**What you will do**: Within the records that follow, find every line containing the string "lemma". Copy those lines.

Collected data entries:
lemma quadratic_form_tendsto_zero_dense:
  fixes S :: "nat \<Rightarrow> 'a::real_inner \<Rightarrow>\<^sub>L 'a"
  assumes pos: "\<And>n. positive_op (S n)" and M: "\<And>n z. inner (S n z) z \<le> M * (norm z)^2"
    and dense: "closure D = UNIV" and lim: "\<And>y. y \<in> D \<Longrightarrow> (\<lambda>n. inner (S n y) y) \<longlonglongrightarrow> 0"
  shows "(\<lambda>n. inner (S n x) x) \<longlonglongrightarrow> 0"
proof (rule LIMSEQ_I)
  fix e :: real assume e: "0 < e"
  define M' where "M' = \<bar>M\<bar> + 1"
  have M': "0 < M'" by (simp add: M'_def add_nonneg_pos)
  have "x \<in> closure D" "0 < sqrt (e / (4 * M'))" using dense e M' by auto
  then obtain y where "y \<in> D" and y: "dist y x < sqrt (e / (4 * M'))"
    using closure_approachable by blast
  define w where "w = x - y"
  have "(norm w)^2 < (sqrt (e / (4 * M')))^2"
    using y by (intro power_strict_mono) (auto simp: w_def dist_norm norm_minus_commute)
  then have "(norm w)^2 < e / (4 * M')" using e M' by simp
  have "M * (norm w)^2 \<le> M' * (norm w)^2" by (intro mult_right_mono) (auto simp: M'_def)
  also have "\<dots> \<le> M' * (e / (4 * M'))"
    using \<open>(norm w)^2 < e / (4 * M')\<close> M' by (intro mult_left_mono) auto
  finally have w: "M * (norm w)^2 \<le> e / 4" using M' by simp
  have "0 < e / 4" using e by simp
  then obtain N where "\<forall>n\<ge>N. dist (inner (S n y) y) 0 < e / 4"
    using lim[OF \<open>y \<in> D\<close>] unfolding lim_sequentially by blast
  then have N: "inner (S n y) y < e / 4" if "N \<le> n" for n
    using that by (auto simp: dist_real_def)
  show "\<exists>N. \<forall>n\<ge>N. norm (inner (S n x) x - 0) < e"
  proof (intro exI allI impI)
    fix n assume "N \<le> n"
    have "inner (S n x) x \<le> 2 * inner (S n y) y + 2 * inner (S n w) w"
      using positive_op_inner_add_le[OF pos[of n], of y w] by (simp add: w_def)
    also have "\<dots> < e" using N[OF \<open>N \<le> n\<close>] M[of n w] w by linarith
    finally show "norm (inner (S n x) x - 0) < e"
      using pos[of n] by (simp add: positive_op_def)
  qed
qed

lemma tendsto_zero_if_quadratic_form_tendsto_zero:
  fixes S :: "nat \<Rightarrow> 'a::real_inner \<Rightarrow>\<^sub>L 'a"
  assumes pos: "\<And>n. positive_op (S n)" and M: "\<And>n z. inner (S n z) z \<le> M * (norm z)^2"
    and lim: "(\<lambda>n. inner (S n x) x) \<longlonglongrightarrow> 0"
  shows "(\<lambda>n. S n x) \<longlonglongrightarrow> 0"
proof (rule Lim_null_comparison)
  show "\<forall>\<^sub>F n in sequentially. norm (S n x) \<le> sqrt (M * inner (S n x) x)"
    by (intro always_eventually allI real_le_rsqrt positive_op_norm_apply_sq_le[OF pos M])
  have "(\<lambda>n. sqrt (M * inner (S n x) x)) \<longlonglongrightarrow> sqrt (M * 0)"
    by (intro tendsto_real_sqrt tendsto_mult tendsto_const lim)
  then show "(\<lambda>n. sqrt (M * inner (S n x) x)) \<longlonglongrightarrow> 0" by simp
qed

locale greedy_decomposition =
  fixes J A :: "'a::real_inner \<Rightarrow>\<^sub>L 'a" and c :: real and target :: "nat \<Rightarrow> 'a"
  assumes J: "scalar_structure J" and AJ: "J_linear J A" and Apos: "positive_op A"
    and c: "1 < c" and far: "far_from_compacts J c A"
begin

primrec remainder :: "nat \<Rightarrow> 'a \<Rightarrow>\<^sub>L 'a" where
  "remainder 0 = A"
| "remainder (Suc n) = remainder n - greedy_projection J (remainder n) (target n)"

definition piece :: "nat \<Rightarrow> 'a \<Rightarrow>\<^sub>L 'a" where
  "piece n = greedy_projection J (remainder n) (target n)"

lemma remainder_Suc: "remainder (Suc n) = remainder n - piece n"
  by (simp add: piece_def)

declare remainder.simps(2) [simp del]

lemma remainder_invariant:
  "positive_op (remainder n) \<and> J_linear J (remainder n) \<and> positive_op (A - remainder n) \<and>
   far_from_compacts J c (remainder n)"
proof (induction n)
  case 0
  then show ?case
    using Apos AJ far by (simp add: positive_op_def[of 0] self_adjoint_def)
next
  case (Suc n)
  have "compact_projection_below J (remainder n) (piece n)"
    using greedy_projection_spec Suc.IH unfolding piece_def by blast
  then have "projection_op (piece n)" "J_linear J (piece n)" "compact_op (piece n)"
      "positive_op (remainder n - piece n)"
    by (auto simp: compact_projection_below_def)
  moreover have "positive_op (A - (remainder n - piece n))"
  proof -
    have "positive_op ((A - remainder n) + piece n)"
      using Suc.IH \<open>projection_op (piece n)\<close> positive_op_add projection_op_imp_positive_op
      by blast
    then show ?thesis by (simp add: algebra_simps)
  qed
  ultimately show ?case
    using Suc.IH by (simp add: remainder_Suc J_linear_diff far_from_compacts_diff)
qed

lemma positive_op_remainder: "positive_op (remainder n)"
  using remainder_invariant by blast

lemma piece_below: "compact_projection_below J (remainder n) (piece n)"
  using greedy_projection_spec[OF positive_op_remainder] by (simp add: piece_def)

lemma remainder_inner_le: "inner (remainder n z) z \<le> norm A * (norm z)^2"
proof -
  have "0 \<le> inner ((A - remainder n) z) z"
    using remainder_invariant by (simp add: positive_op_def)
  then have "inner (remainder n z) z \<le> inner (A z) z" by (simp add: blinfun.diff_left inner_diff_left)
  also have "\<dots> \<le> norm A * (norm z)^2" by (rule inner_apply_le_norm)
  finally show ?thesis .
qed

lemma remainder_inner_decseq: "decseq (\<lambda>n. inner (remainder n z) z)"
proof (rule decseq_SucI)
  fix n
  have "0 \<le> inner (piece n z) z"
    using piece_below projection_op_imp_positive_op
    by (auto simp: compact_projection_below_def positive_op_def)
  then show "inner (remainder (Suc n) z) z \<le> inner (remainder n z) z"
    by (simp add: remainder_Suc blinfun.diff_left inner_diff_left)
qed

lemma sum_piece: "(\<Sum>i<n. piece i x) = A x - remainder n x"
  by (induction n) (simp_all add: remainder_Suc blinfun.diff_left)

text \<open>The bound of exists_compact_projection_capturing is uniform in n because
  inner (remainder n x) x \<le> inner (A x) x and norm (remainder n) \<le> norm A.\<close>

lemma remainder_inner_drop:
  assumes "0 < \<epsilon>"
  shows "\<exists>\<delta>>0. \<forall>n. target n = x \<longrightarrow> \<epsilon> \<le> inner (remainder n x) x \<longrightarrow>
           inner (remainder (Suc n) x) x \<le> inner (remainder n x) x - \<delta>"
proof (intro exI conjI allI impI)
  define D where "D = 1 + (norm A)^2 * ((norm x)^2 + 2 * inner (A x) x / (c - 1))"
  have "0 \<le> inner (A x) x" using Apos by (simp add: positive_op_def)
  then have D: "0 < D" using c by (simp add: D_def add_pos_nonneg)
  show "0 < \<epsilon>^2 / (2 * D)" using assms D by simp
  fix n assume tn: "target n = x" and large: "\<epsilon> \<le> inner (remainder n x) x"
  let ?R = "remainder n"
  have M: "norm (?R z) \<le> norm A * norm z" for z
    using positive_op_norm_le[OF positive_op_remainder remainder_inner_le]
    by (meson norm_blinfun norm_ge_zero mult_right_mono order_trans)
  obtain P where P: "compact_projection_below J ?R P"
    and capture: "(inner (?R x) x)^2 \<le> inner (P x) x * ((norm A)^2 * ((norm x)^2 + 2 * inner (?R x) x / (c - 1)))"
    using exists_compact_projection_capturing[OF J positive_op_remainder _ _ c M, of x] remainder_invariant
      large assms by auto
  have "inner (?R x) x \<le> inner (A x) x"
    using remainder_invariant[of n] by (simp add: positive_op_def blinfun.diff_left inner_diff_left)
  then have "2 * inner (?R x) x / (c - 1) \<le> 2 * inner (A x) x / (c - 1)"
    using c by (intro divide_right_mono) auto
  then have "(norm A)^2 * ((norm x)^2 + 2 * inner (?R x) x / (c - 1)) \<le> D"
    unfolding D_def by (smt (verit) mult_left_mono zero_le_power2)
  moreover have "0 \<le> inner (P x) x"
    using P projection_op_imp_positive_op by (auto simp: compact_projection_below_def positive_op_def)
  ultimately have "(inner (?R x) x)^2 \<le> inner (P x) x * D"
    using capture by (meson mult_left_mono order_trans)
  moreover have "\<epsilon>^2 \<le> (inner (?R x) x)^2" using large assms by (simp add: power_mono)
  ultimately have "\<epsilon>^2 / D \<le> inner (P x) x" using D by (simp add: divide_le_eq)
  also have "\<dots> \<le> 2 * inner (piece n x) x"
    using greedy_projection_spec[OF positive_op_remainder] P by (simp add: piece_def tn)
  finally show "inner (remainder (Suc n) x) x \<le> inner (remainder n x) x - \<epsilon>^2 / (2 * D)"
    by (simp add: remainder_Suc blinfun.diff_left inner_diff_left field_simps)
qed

**The completed task**:
lemma quadratic_form_tendsto_zero_dense:
lemma tendsto_zero_if_quadratic_form_tendsto_zero:
lemma remainder_Suc: "remainder (Suc n) = remainder n - piece n"
lemma remainder_invariant:
lemma positive_op_remainder: "positive_op (remainder n)"
lemma piece_below: "compact_projection_below J (remainder n) (piece n)"
lemma remainder_inner_le: "inner (remainder n z) z \<le> norm A * (norm z)^2"
lemma remainder_inner_decseq: "decseq (\<lambda>n. inner (remainder n z) z)"
lemma sum_piece: "(\<Sum>i<n. piece i x) = A x - remainder n x"
lemma remainder_inner_drop:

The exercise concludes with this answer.